>>>>
(* Let $L\ge 3$, $W=(\mathbb{Z}/2\mathbb{Z})^{*L}$, $q\in[\frac{1}{L-1},1]$, $l\in\mathbb{N}$ with $l\ge 2$, and let $\beta,\beta'\in\mathbb{C}_q^1[W]\ominus S_1$, $\gamma\in\mathbb{C}_q^l[W]\ominus S_l$, $\gamma'\in\mathbb{C}_q^l[W]$. Then for all $m,n,m',n'\in\mathbb{N}_0$, $$\langle\beta_{m,n},\beta'_{m',n'}\rangle=\delta_{m+n,m'+n'}(L-1)^{m+n-|n-n'|}(-1)^{|n-n'|}\langle\beta,\beta'\rangle,$$ $$\langle\gamma_{m,n},\gamma'_{m',n'}\rangle=\delta_{m,m'}\delta_{n,n'}(L-1)^{m+n}\langle\gamma,\gamma'\rangle,$$ where $\langle\cdot,\cdot\rangle$ is the inner product of $\ell^2(W)$.
   Context: $W=(\mathbb{Z}/2\mathbb{Z})^{*L}$ is the free product of $L$ copies of $\mathbb{Z}/2\mathbb{Z}$ with canonical generating set $S$ and word length $|\cdot|$. Put $p=\frac{q-1}{q^2}$. $\mathbb{C}_q[W]$ is the $*$-algebra with linear basis $\{T_w\}_{w\in W}$, $T_e=1$, $T_w^*=T_{w^{-1}}$, and $T_sT_w=T_{sw}$ if $|sw|>|w|$, $T_sT_w=T_{sw}+pT_w$ if $|sw|<|w|$ ($s\in S,w\in W$). Elements of $\mathbb{C}_q[W]$ are identified with vectors in $\ell^2(W)$ via $T_w\mapsto\delta_w$. $h_0=1$, $h_m=\sum_{|w|=m}T_w$. For $l\in\mathbb{N}_0$, $q_l$ is the projection onto $\mathrm{span}\{T_w:|w|=l\}$ and $\mathbb{C}_q^l[W]=q_l(\mathbb{C}_q[W])$. $S_l=\mathrm{span}\{q_l(h_1x),q_l(xh_1): x\in\mathbb{C}_q^{l-1}[W]\}$ and $\mathbb{C}_q^l[W]\ominus S_l$ is the orthogonal complement of $S_l$ in $\mathbb{C}_q^l[W]$ in $\ell^2(W)$. For $\gamma\in\mathbb{C}_q^l[W]$ and $m,n\in\mathbb{N}_0$, $\gamma_{m,n}=q_{m+n+l}(h_m\gamma h_n)$. *)

theory Defs
  imports Complex_Main
begin

text \<open>Elements of W = free product of L copies of Z/2Z are represented by reduced
words: lists over the generators 0..L-1 with no two consecutive letters equal.  Elements of C_q[W] (and of l^2(W)) are functions
nat list => complex; C_q[W] consists of the finitely supported ones supported on
reduced words, T_w being the indicator of w.\<close>

definition reduced :: "nat \<Rightarrow> nat list \<Rightarrow> bool" where
  "reduced L w \<longleftrightarrow> set w \<subseteq> {..<L} \<and> successively (\<noteq>) w"

definition hecke :: "nat \<Rightarrow> (nat list \<Rightarrow> complex) \<Rightarrow> bool" where
  "hecke L x \<longleftrightarrow> finite {w. x w \<noteq> 0} \<and> (\<forall>w. x w \<noteq> 0 \<longrightarrow> reduced L w)"

definition hp :: "real \<Rightarrow> real" where
  "hp q = (q - 1) / q\<^sup>2"

text \<open>Left multiplication by T_s:  T_s T_w = T_{sw} if |sw| > |w|,
  T_s T_w = T_{sw} + p T_w if |sw| < |w|, extended linearly.\<close>
definition Tgen :: "nat \<Rightarrow> real \<Rightarrow> nat \<Rightarrow> (nat list \<Rightarrow> complex) \<Rightarrow> (nat list \<Rightarrow> complex)" where
  "Tgen L q s x = (\<lambda>u. if \<not> reduced L u then 0
       else if u \<noteq> [] \<and> hd u = s then x (tl u) + complex_of_real (hp q) * x u
       else x (s # u))"

definition Tword :: "nat \<Rightarrow> real \<Rightarrow> nat list \<Rightarrow> (nat list \<Rightarrow> complex) \<Rightarrow> (nat list \<Rightarrow> complex)" where
  "Tword L q v x = foldr (Tgen L q) v x"

definition hmult :: "nat \<Rightarrow> real \<Rightarrow> (nat list \<Rightarrow> complex) \<Rightarrow> (nat list \<Rightarrow> complex) \<Rightarrow> (nat list \<Rightarrow> complex)" where
  "hmult L q x y = (\<lambda>u. \<Sum>v\<in>{v. x v \<noteq> 0}. x v * Tword L q v y u)"

definition linner :: "(nat list \<Rightarrow> complex) \<Rightarrow> (nat list \<Rightarrow> complex) \<Rightarrow> complex" where
  "linner x y = (\<Sum>w\<in>{w. x w \<noteq> 0}. x w * cnj (y w))"

definition hsum :: "nat \<Rightarrow> nat \<Rightarrow> (nat list \<Rightarrow> complex)" where
  "hsum L m = (\<lambda>w. if reduced L w \<and> length w = m then 1 else 0)"

definition qproj :: "nat \<Rightarrow> (nat list \<Rightarrow> complex) \<Rightarrow> (nat list \<Rightarrow> complex)" where
  "qproj l x = (\<lambda>w. if length w = l then x w else 0)"

definition Cl :: "nat \<Rightarrow> nat \<Rightarrow> (nat list \<Rightarrow> complex) set" where
  "Cl L l = {x. hecke L x \<and> (\<forall>w. length w \<noteq> l \<longrightarrow> x w = 0)}"

definition cspan :: "(nat list \<Rightarrow> complex) set \<Rightarrow> (nat list \<Rightarrow> complex) set" where
  "cspan A = {x. \<exists>F c. finite F \<and> F \<subseteq> A \<and> x = (\<lambda>w. \<Sum>a\<in>F. c a * a w)}"

definition Sl :: "nat \<Rightarrow> real \<Rightarrow> nat \<Rightarrow> (nat list \<Rightarrow> complex) set" where
  "Sl L q l = cspan ({qproj l (hmult L q (hsum L 1) x) | x. x \<in> Cl L (l - 1)}
                   \<union> {qproj l (hmult L q x (hsum L 1)) | x. x \<in> Cl L (l - 1)})"

definition Cperp :: "nat \<Rightarrow> real \<Rightarrow> nat \<Rightarrow> (nat list \<Rightarrow> complex) set" where
  "Cperp L q l = {x. x \<in> Cl L l \<and> (\<forall>y\<in>Sl L q l. linner x y = 0)}"

definition gmn :: "nat \<Rightarrow> real \<Rightarrow> nat \<Rightarrow> (nat list \<Rightarrow> complex) \<Rightarrow> nat \<Rightarrow> nat \<Rightarrow> (nat list \<Rightarrow> complex)" where
  "gmn L q l g m n = qproj (m + n + l) (hmult L q (hmult L q (hsum L m) g) (hsum L n))"

end

theory Submission
  imports Defs
begin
<<<<
Your assignment – Filter the listing for the word "Cperp" and copy every line that holds it.

Solved exercise –
definition Cperp :: "nat \<Rightarrow> real \<Rightarrow> nat \<Rightarrow> (nat list \<Rightarrow> complex) set" where
  "Cperp L q l = {x. x \<in> Cl L l \<and> (\<forall>y\<in>Sl L q l. linner x y = 0)}"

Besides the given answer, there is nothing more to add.